Only a number is wanted here: how many lines in the records below contain the string "identity".

※

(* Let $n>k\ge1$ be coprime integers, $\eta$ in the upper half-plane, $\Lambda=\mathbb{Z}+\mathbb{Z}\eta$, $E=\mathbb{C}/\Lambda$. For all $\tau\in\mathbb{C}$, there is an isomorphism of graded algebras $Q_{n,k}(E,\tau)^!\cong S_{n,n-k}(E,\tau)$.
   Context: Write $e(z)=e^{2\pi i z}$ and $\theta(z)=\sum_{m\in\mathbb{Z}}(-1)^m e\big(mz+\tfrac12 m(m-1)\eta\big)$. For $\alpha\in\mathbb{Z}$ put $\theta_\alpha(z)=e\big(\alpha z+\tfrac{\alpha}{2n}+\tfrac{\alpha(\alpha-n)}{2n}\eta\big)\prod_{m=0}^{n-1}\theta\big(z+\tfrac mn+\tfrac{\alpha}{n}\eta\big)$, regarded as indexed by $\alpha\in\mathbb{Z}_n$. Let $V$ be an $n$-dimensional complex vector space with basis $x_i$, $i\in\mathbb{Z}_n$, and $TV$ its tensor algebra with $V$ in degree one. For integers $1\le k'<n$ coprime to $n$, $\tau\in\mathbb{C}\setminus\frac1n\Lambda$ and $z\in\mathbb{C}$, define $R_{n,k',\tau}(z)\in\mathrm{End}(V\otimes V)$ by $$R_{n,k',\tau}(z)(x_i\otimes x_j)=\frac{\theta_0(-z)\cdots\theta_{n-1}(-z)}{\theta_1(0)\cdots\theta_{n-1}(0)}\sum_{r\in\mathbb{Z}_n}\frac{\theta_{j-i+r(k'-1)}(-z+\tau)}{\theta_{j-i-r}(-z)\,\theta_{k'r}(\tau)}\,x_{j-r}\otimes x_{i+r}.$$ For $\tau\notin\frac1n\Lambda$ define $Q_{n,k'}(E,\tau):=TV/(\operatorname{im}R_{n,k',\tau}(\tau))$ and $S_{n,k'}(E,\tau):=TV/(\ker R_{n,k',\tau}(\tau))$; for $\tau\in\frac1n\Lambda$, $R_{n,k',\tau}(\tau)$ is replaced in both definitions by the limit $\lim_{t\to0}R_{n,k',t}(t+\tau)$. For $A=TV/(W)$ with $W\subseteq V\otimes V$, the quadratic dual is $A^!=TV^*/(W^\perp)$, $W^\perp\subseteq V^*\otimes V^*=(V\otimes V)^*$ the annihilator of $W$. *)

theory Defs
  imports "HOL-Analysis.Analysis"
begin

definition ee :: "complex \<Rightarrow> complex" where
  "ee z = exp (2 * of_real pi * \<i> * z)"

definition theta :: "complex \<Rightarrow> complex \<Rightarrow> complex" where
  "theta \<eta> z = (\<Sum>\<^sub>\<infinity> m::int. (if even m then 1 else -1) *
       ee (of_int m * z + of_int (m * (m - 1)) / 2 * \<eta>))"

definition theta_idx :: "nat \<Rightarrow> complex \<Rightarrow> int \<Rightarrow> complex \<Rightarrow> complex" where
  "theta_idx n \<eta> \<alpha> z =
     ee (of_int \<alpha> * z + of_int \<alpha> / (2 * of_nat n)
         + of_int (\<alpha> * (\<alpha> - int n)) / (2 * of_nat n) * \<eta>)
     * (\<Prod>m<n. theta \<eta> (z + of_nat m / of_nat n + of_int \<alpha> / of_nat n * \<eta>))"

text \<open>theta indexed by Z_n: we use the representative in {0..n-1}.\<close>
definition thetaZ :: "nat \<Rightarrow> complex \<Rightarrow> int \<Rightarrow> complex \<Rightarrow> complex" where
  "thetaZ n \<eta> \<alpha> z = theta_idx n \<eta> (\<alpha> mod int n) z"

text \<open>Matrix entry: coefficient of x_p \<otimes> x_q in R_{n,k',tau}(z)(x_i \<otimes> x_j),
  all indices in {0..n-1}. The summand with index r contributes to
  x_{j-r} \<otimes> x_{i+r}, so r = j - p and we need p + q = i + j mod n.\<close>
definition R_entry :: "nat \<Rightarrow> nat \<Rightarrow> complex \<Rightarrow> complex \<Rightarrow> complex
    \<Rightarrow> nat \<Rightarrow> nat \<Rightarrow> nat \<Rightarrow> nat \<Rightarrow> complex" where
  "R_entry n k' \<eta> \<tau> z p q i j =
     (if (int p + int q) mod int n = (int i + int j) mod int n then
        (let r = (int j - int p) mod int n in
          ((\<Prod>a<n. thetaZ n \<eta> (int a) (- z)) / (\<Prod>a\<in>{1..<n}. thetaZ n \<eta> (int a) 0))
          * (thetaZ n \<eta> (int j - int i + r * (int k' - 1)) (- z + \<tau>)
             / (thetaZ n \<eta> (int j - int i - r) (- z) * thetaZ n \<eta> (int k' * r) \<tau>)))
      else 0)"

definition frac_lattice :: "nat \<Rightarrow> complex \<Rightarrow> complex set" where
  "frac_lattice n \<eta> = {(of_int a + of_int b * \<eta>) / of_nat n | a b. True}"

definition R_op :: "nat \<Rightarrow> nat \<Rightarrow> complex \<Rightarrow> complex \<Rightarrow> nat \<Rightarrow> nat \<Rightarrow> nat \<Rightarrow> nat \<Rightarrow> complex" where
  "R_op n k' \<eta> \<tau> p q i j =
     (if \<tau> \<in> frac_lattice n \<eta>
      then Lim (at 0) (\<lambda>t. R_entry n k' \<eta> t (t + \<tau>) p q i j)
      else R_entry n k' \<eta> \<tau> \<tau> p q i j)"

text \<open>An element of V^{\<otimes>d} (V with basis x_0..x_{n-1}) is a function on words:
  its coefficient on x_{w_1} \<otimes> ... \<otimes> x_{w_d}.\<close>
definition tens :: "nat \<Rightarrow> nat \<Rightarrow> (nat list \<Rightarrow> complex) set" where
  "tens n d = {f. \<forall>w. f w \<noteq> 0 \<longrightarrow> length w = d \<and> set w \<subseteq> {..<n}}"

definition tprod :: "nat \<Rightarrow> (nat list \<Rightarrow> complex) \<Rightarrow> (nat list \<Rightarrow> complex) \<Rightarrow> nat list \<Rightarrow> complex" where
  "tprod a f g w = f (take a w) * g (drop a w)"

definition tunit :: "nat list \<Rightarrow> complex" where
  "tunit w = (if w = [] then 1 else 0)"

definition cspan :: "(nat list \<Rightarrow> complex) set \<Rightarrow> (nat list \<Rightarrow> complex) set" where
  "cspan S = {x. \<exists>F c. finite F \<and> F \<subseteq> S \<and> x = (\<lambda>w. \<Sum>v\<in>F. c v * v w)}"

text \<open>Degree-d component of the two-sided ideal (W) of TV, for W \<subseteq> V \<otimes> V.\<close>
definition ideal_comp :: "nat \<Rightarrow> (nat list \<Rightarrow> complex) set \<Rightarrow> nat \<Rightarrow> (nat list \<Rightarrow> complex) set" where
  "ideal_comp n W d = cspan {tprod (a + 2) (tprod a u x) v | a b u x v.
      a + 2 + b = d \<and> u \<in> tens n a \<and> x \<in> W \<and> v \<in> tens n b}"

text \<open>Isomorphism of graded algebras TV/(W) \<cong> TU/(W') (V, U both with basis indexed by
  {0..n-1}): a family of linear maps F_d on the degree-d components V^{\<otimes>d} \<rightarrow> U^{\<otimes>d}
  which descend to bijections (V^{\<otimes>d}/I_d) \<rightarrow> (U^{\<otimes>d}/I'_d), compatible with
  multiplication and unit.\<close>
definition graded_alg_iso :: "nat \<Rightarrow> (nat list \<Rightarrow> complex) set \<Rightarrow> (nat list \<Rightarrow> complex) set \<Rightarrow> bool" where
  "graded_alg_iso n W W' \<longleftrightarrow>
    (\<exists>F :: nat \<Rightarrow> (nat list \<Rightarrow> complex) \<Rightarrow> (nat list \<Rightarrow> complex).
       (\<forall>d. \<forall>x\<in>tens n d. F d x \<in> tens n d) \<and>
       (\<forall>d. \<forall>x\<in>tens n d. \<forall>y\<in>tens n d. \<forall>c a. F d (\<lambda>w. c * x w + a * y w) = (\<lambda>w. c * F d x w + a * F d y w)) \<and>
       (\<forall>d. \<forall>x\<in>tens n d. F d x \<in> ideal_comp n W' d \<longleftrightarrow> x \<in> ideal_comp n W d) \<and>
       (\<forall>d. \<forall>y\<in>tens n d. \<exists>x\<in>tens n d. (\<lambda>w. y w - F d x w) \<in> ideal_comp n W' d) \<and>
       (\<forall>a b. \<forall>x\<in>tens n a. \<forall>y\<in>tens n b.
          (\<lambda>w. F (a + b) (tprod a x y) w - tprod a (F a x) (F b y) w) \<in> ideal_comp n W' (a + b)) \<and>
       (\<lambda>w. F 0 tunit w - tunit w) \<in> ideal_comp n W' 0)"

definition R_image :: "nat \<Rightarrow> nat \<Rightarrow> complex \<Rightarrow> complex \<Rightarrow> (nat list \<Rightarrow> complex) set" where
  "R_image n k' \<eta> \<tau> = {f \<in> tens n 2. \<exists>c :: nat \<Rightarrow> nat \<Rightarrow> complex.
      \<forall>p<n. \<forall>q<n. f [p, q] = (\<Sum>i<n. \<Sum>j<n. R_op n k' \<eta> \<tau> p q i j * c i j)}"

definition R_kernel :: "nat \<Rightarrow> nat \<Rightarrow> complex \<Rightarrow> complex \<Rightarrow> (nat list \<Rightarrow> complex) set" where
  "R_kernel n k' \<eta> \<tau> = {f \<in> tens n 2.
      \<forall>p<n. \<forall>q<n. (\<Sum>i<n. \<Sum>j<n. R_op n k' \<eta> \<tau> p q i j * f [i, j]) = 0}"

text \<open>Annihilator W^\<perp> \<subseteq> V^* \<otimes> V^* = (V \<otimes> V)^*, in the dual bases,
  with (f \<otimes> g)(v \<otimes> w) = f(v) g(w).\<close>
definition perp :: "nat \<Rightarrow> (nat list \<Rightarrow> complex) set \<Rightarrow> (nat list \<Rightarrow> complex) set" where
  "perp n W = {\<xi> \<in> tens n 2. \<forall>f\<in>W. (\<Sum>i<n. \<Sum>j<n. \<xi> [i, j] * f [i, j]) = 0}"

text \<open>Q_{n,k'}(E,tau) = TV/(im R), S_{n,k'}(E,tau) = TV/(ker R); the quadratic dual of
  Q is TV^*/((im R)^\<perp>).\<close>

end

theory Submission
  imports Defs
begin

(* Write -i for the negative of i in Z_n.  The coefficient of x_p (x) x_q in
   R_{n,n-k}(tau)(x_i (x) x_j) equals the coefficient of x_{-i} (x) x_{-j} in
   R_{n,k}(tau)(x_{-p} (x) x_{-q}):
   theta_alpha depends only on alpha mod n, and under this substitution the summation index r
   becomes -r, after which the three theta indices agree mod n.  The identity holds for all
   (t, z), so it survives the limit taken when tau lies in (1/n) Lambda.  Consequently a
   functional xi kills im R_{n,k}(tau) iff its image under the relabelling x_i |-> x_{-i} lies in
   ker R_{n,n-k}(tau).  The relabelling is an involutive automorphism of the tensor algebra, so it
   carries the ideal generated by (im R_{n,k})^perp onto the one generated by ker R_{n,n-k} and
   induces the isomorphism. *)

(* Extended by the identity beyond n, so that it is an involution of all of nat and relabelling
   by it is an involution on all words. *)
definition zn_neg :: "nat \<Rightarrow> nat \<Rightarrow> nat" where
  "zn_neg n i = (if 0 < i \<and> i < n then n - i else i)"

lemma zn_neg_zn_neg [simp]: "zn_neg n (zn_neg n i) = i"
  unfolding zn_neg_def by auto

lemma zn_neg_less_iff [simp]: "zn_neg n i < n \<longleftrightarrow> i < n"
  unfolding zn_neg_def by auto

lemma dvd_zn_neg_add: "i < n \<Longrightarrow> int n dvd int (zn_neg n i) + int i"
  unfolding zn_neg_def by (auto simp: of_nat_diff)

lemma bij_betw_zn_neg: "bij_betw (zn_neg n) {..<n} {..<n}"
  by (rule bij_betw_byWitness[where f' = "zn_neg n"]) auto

※

ANSWER FOR THE TASK - 2